Some things are easier said than done and it looks like costs and charges disclosure is among them.
The introduction of Mifid II in 2018 means investors must now be given a breakdown of how much they are paying for their investments before and after transactions – that is to say, they need to be given an estimate of how much it cost them and then how much they ultimately ended up paying.
This seems simple on the face of it. Indeed, if shops did not tell anyone how much their wares cost, they would probably not survive very long.
But, as we have seen in recent months, since advisers have started having to tell their clients how much they paid over the past 12 months, things are not that easy.
The main reason for this seems to be the presence of middlemen – the platforms that are not playing ball or at least playing ball very inconsistently.
And it now turns out advisers face a struggle because some platforms provide a breakdown of costs and charges for calendar years only, so, if your client’s annual review happens to be in June, you are in a bit of a pickle.

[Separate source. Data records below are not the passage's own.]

(* Let $v\in L^2(0,1)$ and let $f:[0,1]\times\mathbb{R}\to\mathbb{R}$ satisfy: (C(c)) $f$ is continuous on $[0,1]\times\mathbb{R}$ and has a continuous partial derivative $f_x$ with respect to the second variable on $[0,1]\times\mathbb{R}$; (C(f)) there exist positive constants $A,B$ with $A<\pi^2$ such that $|f(t,x)|\leqslant A|x|+B$ for all $t\in[0,1]$, $x\in\mathbb{R}$; (C($f_x$)) $\inf_{(t,x)\in[0,1]\times\mathbb{R}} f_x(t,x)>-\pi^2$. Then the Dirichlet problem $\ddot{x}(t)=f(t,x(t))+v(t)$ for a.e. $t\in[0,1]$, $x(0)=x(1)=0$, has a unique solution $x\in \mathbb{X}=H^2(0,1)\cap H^1_0(0,1)$.
   Context: $H^1_0(0,1)$ is the space of absolutely continuous $x:[0,1]\to\mathbb{R}$ with $x(0)=x(1)=0$ and weak derivative in $L^2(0,1)$; $H^2(0,1)$ is the space of functions in $H^1(0,1)$ whose derivative $\dot x$ also lies in $H^1(0,1)$. Solutions are understood in $\mathbb{X}=H^2(0,1)\cap H^1_0(0,1)$, the equation holding almost everywhere. *)

theory Defs
  imports "HOL-Analysis.Analysis"
begin

definition L2_01 :: "(real \<Rightarrow> real) \<Rightarrow> bool" where
  "L2_01 g \<longleftrightarrow> g \<in> borel_measurable (lebesgue_on {0..1})
      \<and> integrable (lebesgue_on {0..1}) (\<lambda>t. (g t)\<^sup>2)"

text \<open>x is in H^1(0,1) with weak derivative y: x is absolutely continuous,
  namely the indefinite integral of y, and y is in L^2(0,1).\<close>
definition H1_with_deriv :: "(real \<Rightarrow> real) \<Rightarrow> (real \<Rightarrow> real) \<Rightarrow> bool" where
  "H1_with_deriv x y \<longleftrightarrow> L2_01 y \<and> integrable (lebesgue_on {0..1}) y
      \<and> (\<forall>t\<in>{0..1}. x t = x 0 + integral\<^sup>L (lebesgue_on {0..t}) y)"

text \<open>x in X = H^2(0,1) \<inter> H^1_0(0,1) solves x'' = f(t,x) + v a.e., x(0)=x(1)=0.\<close>
definition dirichlet_solution ::
  "(real \<Rightarrow> real \<Rightarrow> real) \<Rightarrow> (real \<Rightarrow> real) \<Rightarrow> (real \<Rightarrow> real) \<Rightarrow> bool" where
  "dirichlet_solution f v x \<longleftrightarrow>
     (\<exists>x' x''. H1_with_deriv x x' \<and> H1_with_deriv x' x''
        \<and> x 0 = 0 \<and> x 1 = 0
        \<and> (AE t in lebesgue_on {0..1}. x'' t = f t (x t) + v t))"

end

theory Submission
  imports Defs
begin

text \<open>Both halves rest on Wirtinger's inequality \<open>k \<integral>w\<^sup>2 \<le> \<integral>w'\<^sup>2\<close> for \<open>w(0) = w(1) = 0\<close>
  and \<open>k < \<pi>\<^sup>2\<close>, combined with integration by parts \<open>\<integral>w'\<^sup>2 = - \<integral>w'' w\<close>.

  Uniqueness: the difference \<open>w\<close> of two solutions satisfies \<open>w'' = g\<close> with \<open>g w \<ge> c w\<^sup>2\<close>, so
  \<open>\<integral>w'\<^sup>2 \<le> max (-c) 0 \<integral>w\<^sup>2\<close>, which contradicts Wirtinger's inequality unless \<open>w = 0\<close>.

  Existence: subtracting a solution of \<open>z'' = v\<close> leaves a continuous nonlinearity \<open>F\<close> of growth
  \<open>A < \<pi>\<^sup>2\<close>. Truncating \<open>F\<close> at a level \<open>R\<close> makes it globally Lipschitz without spoiling the
  growth bound or the one-sided bound on \<open>F\<^sub>x\<close>. For the truncated problem the damped Picard
  iteration \<open>x \<mapsto> (1 - \<tau>) x + \<tau> u\<close>, where \<open>u'' = F(t, x)\<close> and \<open>u(0) = u(1) = 0\<close>, contracts the
  Dirichlet energy of successive increments and converges uniformly to a solution. By the growth
  bound the energy of that solution, hence its sup norm, is at most \<open>R\<close>: the truncation is inactive.\<close>

definition C1_dirichlet :: "(real \<Rightarrow> real) \<Rightarrow> (real \<Rightarrow> real) \<Rightarrow> bool" where
  "C1_dirichlet w w' \<longleftrightarrow> continuous_on {0..1} w' \<and>
     (\<forall>t\<in>{0..1}. (w has_real_derivative w' t) (at t within {0..1})) \<and> w 0 = 0 \<and> w 1 = 0"

lemma has_real_derivative_imp_continuous_on:
  assumes "\<And>t. t \<in> S \<Longrightarrow> (w has_real_derivative w' t) (at t within S)"
  shows "continuous_on S w"
  using assms by (meson DERIV_continuous continuous_on_eq_continuous_within)

lemma C1_dirichlet_continuous:
  assumes "C1_dirichlet w w'"
  shows "continuous_on {0..1} w" "continuous_on {0..1} w'"
  using assms has_real_derivative_imp_continuous_on unfolding C1_dirichlet_def by blast+

lemma C1_dirichlet_lincomb:
  "C1_dirichlet a a' \<Longrightarrow> C1_dirichlet b b' \<Longrightarrow>
   C1_dirichlet (\<lambda>t. \<alpha> * a t + \<beta> * b t) (\<lambda>t. \<alpha> * a' t + \<beta> * b' t)"
  unfolding C1_dirichlet_def by (auto intro!: continuous_intros derivative_eq_intros)

lemma C1_dirichlet_add:
  "C1_dirichlet a a' \<Longrightarrow> C1_dirichlet b b' \<Longrightarrow> C1_dirichlet (\<lambda>t. a t + b t) (\<lambda>t. a' t + b' t)"
  unfolding C1_dirichlet_def by (auto intro!: continuous_intros derivative_eq_intros)

lemma C1_dirichlet_diff:
  "C1_dirichlet a a' \<Longrightarrow> C1_dirichlet b b' \<Longrightarrow> C1_dirichlet (\<lambda>t. a t - b t) (\<lambda>t. a' t - b' t)"
  unfolding C1_dirichlet_def by (auto intro!: continuous_intros derivative_eq_intros)

lemma has_integral_real_derivative_initial:
  assumes "\<And>s. s \<in> {a..b} \<Longrightarrow> (g has_real_derivative g' s) (at s within {a..b})"
    and "a \<le> t" "t \<le> b"
  shows "(g' has_integral (g t - g a)) {a..t}"
proof -
  have "(g has_real_derivative g' s) (at s within {a..t})" if "s \<in> {a..t}" for s
    using assms that DERIV_subset[of g "g' s" s "{a..b}" "{a..t}"] by auto
  then show ?thesis
    using fundamental_theorem_of_calculus[OF \<open>a \<le> t\<close>, of g g']
    by (simp add: has_real_derivative_iff_has_vector_derivative)
qed

lemma integral_square_le:
  fixes g :: "real \<Rightarrow> real"
  assumes "continuous_on {0..1} g"
  shows "(integral {0..1} g)\<^sup>2 \<le> integral {0..1} (\<lambda>s. (g s)\<^sup>2)"
proof -
  define m where "m = integral {0..1} g"
  have g: "(g has_integral m) {0..1}"
    unfolding m_def using assms by (intro integrable_integral integrable_continuous_real)
  have "((\<lambda>s. (g s)\<^sup>2) has_integral integral {0..1} (\<lambda>s. (g s)\<^sup>2)) {0..1}"
    using assms by (intro integrable_integral integrable_continuous_real continuous_intros)
  then have "((\<lambda>s. (g s)\<^sup>2 + (-2 * m * g s + m\<^sup>2)) has_integral
          integral {0..1} (\<lambda>s. (g s)\<^sup>2) + (-2 * m * m + m\<^sup>2)) {0..1}"
    using has_integral_const_real[of "m\<^sup>2" 0 1]
    by (intro has_integral_add has_integral_mult_right g) auto
  moreover have "(g s)\<^sup>2 + (-2 * m * g s + m\<^sup>2) = (g s - m)\<^sup>2" for s
    by (simp add: power2_eq_square algebra_simps)
  ultimately have "((\<lambda>s. (g s - m)\<^sup>2) has_integral integral {0..1} (\<lambda>s. (g s)\<^sup>2) - m\<^sup>2) {0..1}"
    by (simp add: power2_eq_square)
  then have "0 \<le> integral {0..1} (\<lambda>s. (g s)\<^sup>2) - m\<^sup>2"
    by (rule has_integral_nonneg) simp
  then show ?thesis by (simp add: m_def)
qed

lemma C1_dirichlet_sq_le_energy:
  assumes w: "C1_dirichlet w w'" and t: "t \<in> {0..1}"
  shows "(w t)\<^sup>2 \<le> integral {0..1} (\<lambda>s. (w' s)\<^sup>2)"
proof -
  have c: "continuous_on {0..1} (\<lambda>s. \<bar>w' s\<bar>)"
    using C1_dirichlet_continuous(2)[OF w] by (intro continuous_intros)
  have "(w' has_integral w t) {0..t}"
    using has_integral_real_derivative_initial[of 0 1 w w' t] w t unfolding C1_dirichlet_def by simp
  then have "\<bar>w t\<bar> \<le> integral {0..t} (\<lambda>s. \<bar>w' s\<bar>)"
    using integral_norm_bound_integral[of w' "{0..t}" "\<lambda>s. \<bar>w' s\<bar>"]
      integrable_continuous_real[OF continuous_on_subset[OF c, of "{0..t}"]] t
    by (auto simp: integral_unique has_integral_integrable)
  also have "\<dots> \<le> integral {0..1} (\<lambda>s. \<bar>w' s\<bar>)"
    using t c by (intro integral_subset_le integrable_continuous_real continuous_on_subset[OF c]) auto
  finally have "(w t)\<^sup>2 \<le> (integral {0..1} (\<lambda>s. \<bar>w' s\<bar>))\<^sup>2"
    by (metis abs_ge_zero power2_abs power_mono)
  also have "\<dots> \<le> integral {0..1} (\<lambda>s. (w' s)\<^sup>2)"
    using integral_square_le[OF c] by simp
  finally show ?thesis .
qed
(* For any entrywise nonnegative ${\mathbf\Lambda},{\mathbf V}$ and any $\alpha>0$, $$\sqrt{\sum_{\ell\in[\![L]\!],\,s\in[K]}\big(\mathcal U_s(\hat\pi_{{\mathbf\Lambda},{\mathbf V}},\ell)-\epsilon_s\big)_+^2}\le\|\mathbf G_{\hat F,\alpha}({\mathbf\Lambda},{\mathbf V})\|+\big(\mathbb E\|\hat{\mathbf t}(X)-\mathbf t(X)\|^2\big)^{1/2}.$$
   Context: Let $K\ge 2$, $d\ge1$, and let $(X,S,Y)$ be a random triple with values in $\mathbb R^d\times[K]\times\mathbb R$. Put $p_s=\mathbb P(S=s)>0$, $\tau_s(x)=\mathbb P(S=s\mid X=x)$, $t_s(x)=1-\tau_s(x)/p_s$, $\mathbf t=(t_s)_{s\in[K]}$. Fix $B>0$, $L\in\mathbb N$, $\beta>0$, $\boldsymbol\epsilon=(\epsilon_s)\in[0,1]^K$, $[\![L]\!]=\{-L,\dots,L\}$. Let $\hat\eta:\mathbb R^d\to\mathbb R$ and $\hat{\boldsymbol\tau}=(\hat\tau_s)_{s}:\mathbb R^d\to[0,1]^K$ be fixed (deterministic) measurable functions with $\mathbb E[\hat\eta(X)^2]<\infty$; set $\hat t_s(x)=1-\hat\tau_s(x)/p_s$, $\hat{\mathbf t}=(\hat t_s)_s$, $\hat r_\ell(x)=(\hat\eta(x)-\ell B/L)^2$. $\mathrm{LSE}_\beta(\mathbf w)=\beta^{-1}\log\sum_j e^{\beta w_j}$, $\sigma_j(\mathbf w)=e^{w_j}/\sum_ie^{w_i}$. For ${\mathbf\Lambda}=(\lambda_{\ell s}),{\mathbf V}=(\nu_{\ell s})$ with rows $\boldsymbol\lambda_\ell,\boldsymbol\nu_\ell\in\mathbb R^K$: $\hat F({\mathbf\Lambda},{\mathbf V})=\mathbb E\big[\mathrm{LSE}_\beta\big((\langle\boldsymbol\lambda_\ell-\boldsymbol\nu_\ell,\hat{\mathbf t}(X)\rangle-\hat r_\ell(X))_{\ell\in[\![L]\!]}\big)\big]+\sum_\ell\langle\boldsymbol\lambda_\ell+\boldsymbol\nu_\ell,\boldsymbol\epsilon\rangle$ and $\hat\pi_{{\mathbf\Lambda},{\mathbf V}}(\ell\mid x)=\sigma_\ell\big(\beta(\langle\boldsymbol\lambda_{\ell'}-\boldsymbol\nu_{\ell'},\hat{\mathbf t}(x)\rangle-\hat r_{\ell'}(x))_{\ell'\in[\![L]\!]}\big)$, a randomized prediction putting mass $\hat\pi_{{\mathbf\Lambda},{\mathbf V}}(\ell\mid x)$ on $\ell B/L$. For such a grid-supported $\pi$, $\mathcal U_s(\pi,\ell)=|\mathbb E[\pi(\ell\mid X)\mid S=s]-\mathbb E[\pi(\ell\mid X)]|$. $(a)_+=\max(a,0)$ entrywise; gradient mapping $\mathbf G_{\hat F,\alpha}({\mathbf\Lambda},{\mathbf V})=\alpha^{-1}[({\mathbf\Lambda},{\mathbf V})-(({\mathbf\Lambda},{\mathbf V})-\alpha\nabla\hat F({\mathbf\Lambda},{\mathbf V}))_+]$; $\|\cdot\|$ is the Euclidean norm. *)

theory Defs
  imports "HOL-Probability.Probability"
begin

definition grid :: "nat \<Rightarrow> int set" where
  "grid L = {- int L .. int L}"

definition LSE :: "real \<Rightarrow> 'i set \<Rightarrow> ('i \<Rightarrow> real) \<Rightarrow> real" where
  "LSE \<beta> I w = ln (\<Sum>j\<in>I. exp (\<beta> * w j)) / \<beta>"

definition softmax :: "'i set \<Rightarrow> ('i \<Rightarrow> real) \<Rightarrow> 'i \<Rightarrow> real" where
  "softmax I w j = exp (w j) / (\<Sum>i\<in>I. exp (w i))"

definition pS :: "'w measure \<Rightarrow> ('w \<Rightarrow> nat) \<Rightarrow> nat \<Rightarrow> real" where
  "pS M S s = measure M {\<omega> \<in> space M. S \<omega> = s}"

(* tau is a version of x |-> P(S = s | X = x), for s in [K] *)
definition is_cond_prob :: "'w measure \<Rightarrow> ('w \<Rightarrow> 'x::topological_space) \<Rightarrow> ('w \<Rightarrow> nat) \<Rightarrow> nat
    \<Rightarrow> ('x \<Rightarrow> nat \<Rightarrow> real) \<Rightarrow> bool" where
  "is_cond_prob M X S K \<tau> \<longleftrightarrow>
     (\<forall>s\<in>{1..K}. (\<lambda>x. \<tau> x s) \<in> borel_measurable borel \<and> (\<forall>x. 0 \<le> \<tau> x s \<and> \<tau> x s \<le> 1) \<and>
        (\<forall>A\<in>sets borel. measure M {\<omega> \<in> space M. S \<omega> = s \<and> X \<omega> \<in> A}
                          = (\<integral>\<omega>. \<tau> (X \<omega>) s * indicator A (X \<omega>) \<partial>M)))"

definition tfun :: "(nat \<Rightarrow> real) \<Rightarrow> ('x \<Rightarrow> nat \<Rightarrow> real) \<Rightarrow> 'x \<Rightarrow> nat \<Rightarrow> real" where
  "tfun p \<tau> x s = 1 - \<tau> x s / p s"

definition score :: "nat \<Rightarrow> real \<Rightarrow> nat \<Rightarrow> ('x \<Rightarrow> real) \<Rightarrow> ('x \<Rightarrow> nat \<Rightarrow> real)
    \<Rightarrow> (int \<Rightarrow> nat \<Rightarrow> real) \<Rightarrow> (int \<Rightarrow> nat \<Rightarrow> real) \<Rightarrow> 'x \<Rightarrow> int \<Rightarrow> real" where
  "score K B L \<eta> th \<Lambda> V x l =
     (\<Sum>s\<in>{1..K}. (\<Lambda> l s - V l s) * th x s) - (\<eta> x - real_of_int l * B / real L)\<^sup>2"

definition Fhat :: "'w measure \<Rightarrow> ('w \<Rightarrow> 'x) \<Rightarrow> nat \<Rightarrow> real \<Rightarrow> nat \<Rightarrow> real \<Rightarrow> (nat \<Rightarrow> real)
    \<Rightarrow> ('x \<Rightarrow> real) \<Rightarrow> ('x \<Rightarrow> nat \<Rightarrow> real)
    \<Rightarrow> (int \<Rightarrow> nat \<Rightarrow> real) \<Rightarrow> (int \<Rightarrow> nat \<Rightarrow> real) \<Rightarrow> real" where
  "Fhat M X K B L \<beta> \<epsilon> \<eta> th \<Lambda> V =
     (\<integral>\<omega>. LSE \<beta> (grid L) (score K B L \<eta> th \<Lambda> V (X \<omega>)) \<partial>M)
     + (\<Sum>l\<in>grid L. \<Sum>s\<in>{1..K}. (\<Lambda> l s + V l s) * \<epsilon> s)"

definition pihat :: "nat \<Rightarrow> real \<Rightarrow> nat \<Rightarrow> real \<Rightarrow> ('x \<Rightarrow> real) \<Rightarrow> ('x \<Rightarrow> nat \<Rightarrow> real)
    \<Rightarrow> (int \<Rightarrow> nat \<Rightarrow> real) \<Rightarrow> (int \<Rightarrow> nat \<Rightarrow> real) \<Rightarrow> 'x \<Rightarrow> int \<Rightarrow> real" where
  "pihat K B L \<beta> \<eta> th \<Lambda> V x l =
     softmax (grid L) (\<lambda>l'. \<beta> * score K B L \<eta> th \<Lambda> V x l') l"

definition unfair :: "'w measure \<Rightarrow> ('w \<Rightarrow> 'x) \<Rightarrow> ('w \<Rightarrow> nat) \<Rightarrow> ('x \<Rightarrow> int \<Rightarrow> real)
    \<Rightarrow> nat \<Rightarrow> int \<Rightarrow> real" where
  "unfair M X S \<pi> s l =
     \<bar>(\<integral>\<omega>. \<pi> (X \<omega>) l * indicator {\<omega>' \<in> space M. S \<omega>' = s} \<omega> \<partial>M) / pS M S s
      - (\<integral>\<omega>. \<pi> (X \<omega>) l \<partial>M)\<bar>"

definition upd :: "(int \<Rightarrow> nat \<Rightarrow> real) \<Rightarrow> int \<Rightarrow> nat \<Rightarrow> real \<Rightarrow> int \<Rightarrow> nat \<Rightarrow> real" where
  "upd A l s h = (\<lambda>l' s'. if l' = l \<and> s' = s then A l' s' + h else A l' s')"

definition gradL :: "((int \<Rightarrow> nat \<Rightarrow> real) \<Rightarrow> (int \<Rightarrow> nat \<Rightarrow> real) \<Rightarrow> real)
    \<Rightarrow> (int \<Rightarrow> nat \<Rightarrow> real) \<Rightarrow> (int \<Rightarrow> nat \<Rightarrow> real) \<Rightarrow> int \<Rightarrow> nat \<Rightarrow> real" where
  "gradL F \<Lambda> V l s = deriv (\<lambda>h. F (upd \<Lambda> l s h) V) 0"

definition gradV :: "((int \<Rightarrow> nat \<Rightarrow> real) \<Rightarrow> (int \<Rightarrow> nat \<Rightarrow> real) \<Rightarrow> real)
    \<Rightarrow> (int \<Rightarrow> nat \<Rightarrow> real) \<Rightarrow> (int \<Rightarrow> nat \<Rightarrow> real) \<Rightarrow> int \<Rightarrow> nat \<Rightarrow> real" where
  "gradV F \<Lambda> V l s = deriv (\<lambda>h. F \<Lambda> (upd V l s h)) 0"

definition gradmap_norm :: "nat \<Rightarrow> nat \<Rightarrow> ((int \<Rightarrow> nat \<Rightarrow> real) \<Rightarrow> (int \<Rightarrow> nat \<Rightarrow> real) \<Rightarrow> real)
    \<Rightarrow> real \<Rightarrow> (int \<Rightarrow> nat \<Rightarrow> real) \<Rightarrow> (int \<Rightarrow> nat \<Rightarrow> real) \<Rightarrow> real" where
  "gradmap_norm K L F \<alpha> \<Lambda> V = sqrt (\<Sum>l\<in>grid L. \<Sum>s\<in>{1..K}.
      ((\<Lambda> l s - max 0 (\<Lambda> l s - \<alpha> * gradL F \<Lambda> V l s)) / \<alpha>)\<^sup>2
    + ((V l s - max 0 (V l s - \<alpha> * gradV F \<Lambda> V l s)) / \<alpha>)\<^sup>2)"

end

theory Submission
  imports Defs
begin

text \<open>
  Write \<open>a l s\<close> and \<open>b l s\<close> for the expectations of \<open>\<pi>(l | X)\<close> times the estimated and the true
  \<open>t\<^sub>s(X)\<close>. The partial derivatives of \<open>Fhat\<close> in \<open>\<lambda>\<^sub>l\<^sub>s\<close> and \<open>\<nu>\<^sub>l\<^sub>s\<close> are \<open>\<epsilon>\<^sub>s + a l s\<close> and
  \<open>\<epsilon>\<^sub>s - a l s\<close>; differentiating under the integral is justified by the uniform quadratic
  remainder of log-sum-exp along a coordinate direction. For nonnegative multipliers the two
  entries of the gradient mapping at \<open>(l, s)\<close> dominate \<open>(\<bar>a l s\<bar> - \<epsilon>\<^sub>s)\<^sub>+\<close>. On the other hand
  \<open>U\<^sub>s(\<pi>, l) = \<bar>b l s\<bar>\<close> because \<open>\<tau>\<^sub>s\<close> is the conditional probability of \<open>S = s\<close> given \<open>X\<close>.
  Jensen's inequality and \<open>\<Sum>\<^sub>l \<pi>(l | x) = 1\<close> bound \<open>\<Sum> (a l s - b l s)\<^sup>2\<close> by the mean squared
  error of the estimated \<open>t\<close>, and the triangle inequality in \<open>\<ell>\<^sup>2\<close> combines the two estimates.
\<close>

lemma exp_le_quadratic:
  fixes y :: real
  assumes "\<bar>y\<bar> \<le> 1"
  shows "exp y \<le> 1 + y + y\<^sup>2"
proof (cases "y \<ge> 0")
  case True
  then show ?thesis using exp_bound[of y] assms by simp
next
  case False
  define u where "u = - y"
  have u: "0 < u" "u \<le> 1" using False assms by (auto simp: u_def)
  have pos: "0 < 1 - u + u\<^sup>2" using u zero_less_power[of u 2] by linarith
  have "1 \<le> 1 + u ^ 3" using u by simp
  also have "\<dots> = (1 + u) * (1 - u + u\<^sup>2)" by (simp add: algebra_simps power2_eq_square power3_eq_cube)
  also have "\<dots> \<le> exp u * (1 - u + u\<^sup>2)"
    using exp_ge_add_one_self[of u] pos by (intro mult_right_mono) auto
  finally have "exp (- u) \<le> 1 - u + u\<^sup>2" by (simp add: exp_minus field_simps)
  then show ?thesis by (simp add: u_def)
qed

lemma ln_convex_comb_exp_bounds:
  fixes p y :: real
  assumes "0 \<le> p" "p \<le> 1"
  shows ln_convex_comb_exp_pos: "0 < 1 - p + p * exp y"
    and ln_convex_comb_exp_lower: "p * y \<le> ln (1 - p + p * exp y)"
    and ln_convex_comb_exp_upper: "ln (1 - p + p * exp y) \<le> p * (exp y - 1)"
proof -
  have "exp ((1 - p) *\<^sub>R 0 + p *\<^sub>R y) \<le> (1 - p) * exp 0 + p * exp y"
    using assms by (intro convex_onD[OF exp_convex]) auto
  then have exp_le: "exp (p * y) \<le> 1 - p + p * exp y" by simp
  then show pos: "0 < 1 - p + p * exp y" by (rule less_le_trans[OF exp_gt_zero])
  show "p * y \<le> ln (1 - p + p * exp y)" using exp_le pos by (subst ln_ge_iff) auto
  show "ln (1 - p + p * exp y) \<le> p * (exp y - 1)"
    using ln_le_minus_one[OF pos] by (simp add: algebra_simps)
qed

lemma abs_ln_convex_comb_exp_le:
  fixes p y :: real
  assumes "0 \<le> p" "p \<le> 1"
  shows "\<bar>ln (1 - p + p * exp y)\<bar> \<le> \<bar>y\<bar>"
proof -
  have "\<bar>p * y\<bar> \<le> \<bar>y\<bar>" using assms by (simp add: abs_mult mult_left_le_one_le)
  then have "- \<bar>y\<bar> \<le> p * y" by linarith
  moreover have "ln (1 - p + p * exp y) \<le> \<bar>y\<bar>"
  proof -
    have "(1 - p) * 1 + p * exp y \<le> (1 - p) * exp \<bar>y\<bar> + p * exp \<bar>y\<bar>"
      using assms by (intro add_mono mult_left_mono) auto
    then have "1 - p + p * exp y \<le> exp \<bar>y\<bar>" by (simp add: algebra_simps)
    then show ?thesis
      using ln_le_cancel_iff[of _ "exp \<bar>y\<bar>"] ln_convex_comb_exp_pos[OF assms] by simp
  qed
  ultimately show ?thesis using ln_convex_comb_exp_lower[OF assms, of y] by linarith
qed

lemma ln_convex_comb_exp_remainder:
  fixes p y :: real
  assumes "0 \<le> p" "p \<le> 1" "\<bar>y\<bar> \<le> 1"
  shows "\<bar>ln (1 - p + p * exp y) - p * y\<bar> \<le> y\<^sup>2"
proof -
  have "0 \<le> exp y - 1 - y" using exp_ge_add_one_self[of y] by linarith
  then have "p * (exp y - 1 - y) \<le> exp y - 1 - y" using assms by (simp add: mult_left_le_one_le)
  also have "\<dots> \<le> y\<^sup>2" using exp_le_quadratic[OF assms(3)] by simp
  moreover have "ln (1 - p + p * exp y) - p * y \<le> p * (exp y - 1 - y)"
    using ln_convex_comb_exp_upper[OF assms(1,2), of y] by (simp add: algebra_simps)
  ultimately show ?thesis using ln_convex_comb_exp_lower[OF assms(1,2), of y] by linarith
qed

lemma has_real_derivative_at_0_if_quadratic_remainder:
  fixes f :: "real \<Rightarrow> real"
  assumes "0 < \<delta>" and remainder: "\<And>h. \<bar>h\<bar> < \<delta> \<Longrightarrow> \<bar>f h - f 0 - A * h\<bar> \<le> C * h\<^sup>2"
  shows "(f has_real_derivative A) (at 0)"
proof -
  have "norm ((f h - f 0) / (h - 0) - A) \<le> C * \<bar>h\<bar>" if "h \<noteq> 0" "\<bar>h\<bar> < \<delta>" for h
  proof -
    have "(f h - f 0) / (h - 0) - A = (f h - f 0 - A * h) / h"
      using \<open>h \<noteq> 0\<close> by (simp add: field_simps)
    then show ?thesis
      using remainder[OF that(2)] that(1)
      by (simp add: abs_div divide_le_eq power2_eq_square abs_mult mult.assoc)
  qed
  then have "eventually (\<lambda>h. norm ((f h - f 0) / (h - 0) - A) \<le> C * \<bar>h\<bar>) (at (0::real))"
    using assms(1) unfolding eventually_at by (auto simp: dist_real_def)
  moreover have "((\<lambda>h::real. C * \<bar>h\<bar>) \<longlongrightarrow> 0) (at 0)"
    by (auto intro!: tendsto_eq_intros)
  ultimately have "((\<lambda>h. (f h - f 0) / (h - 0) - A) \<longlongrightarrow> 0) (at 0)"
    by (rule Lim_null_comparison)
  then show ?thesis by (simp add: has_field_derivative_iff Lim_null[symmetric])
qed

section \<open>Softmax and log-sum-exp\<close>

lemma softmax_nonneg: "0 \<le> softmax I w j"
  unfolding softmax_def by (simp add: sum_nonneg)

Separately, the Financial Conduct Authority found earlier this year that some advisers were leaving out transaction and incidental costs and charges because they could not get the necessary data.
Addressing these issues to make sure costs disclosure works is in the interests of everyone: obviously, the investors who know what they are paying, but also advisers and platforms themselves who are likely to benefit from greater transparency and the confidence clients will get from it.
It seems increasingly like it is the platforms that are letting the side down – they need to up their game.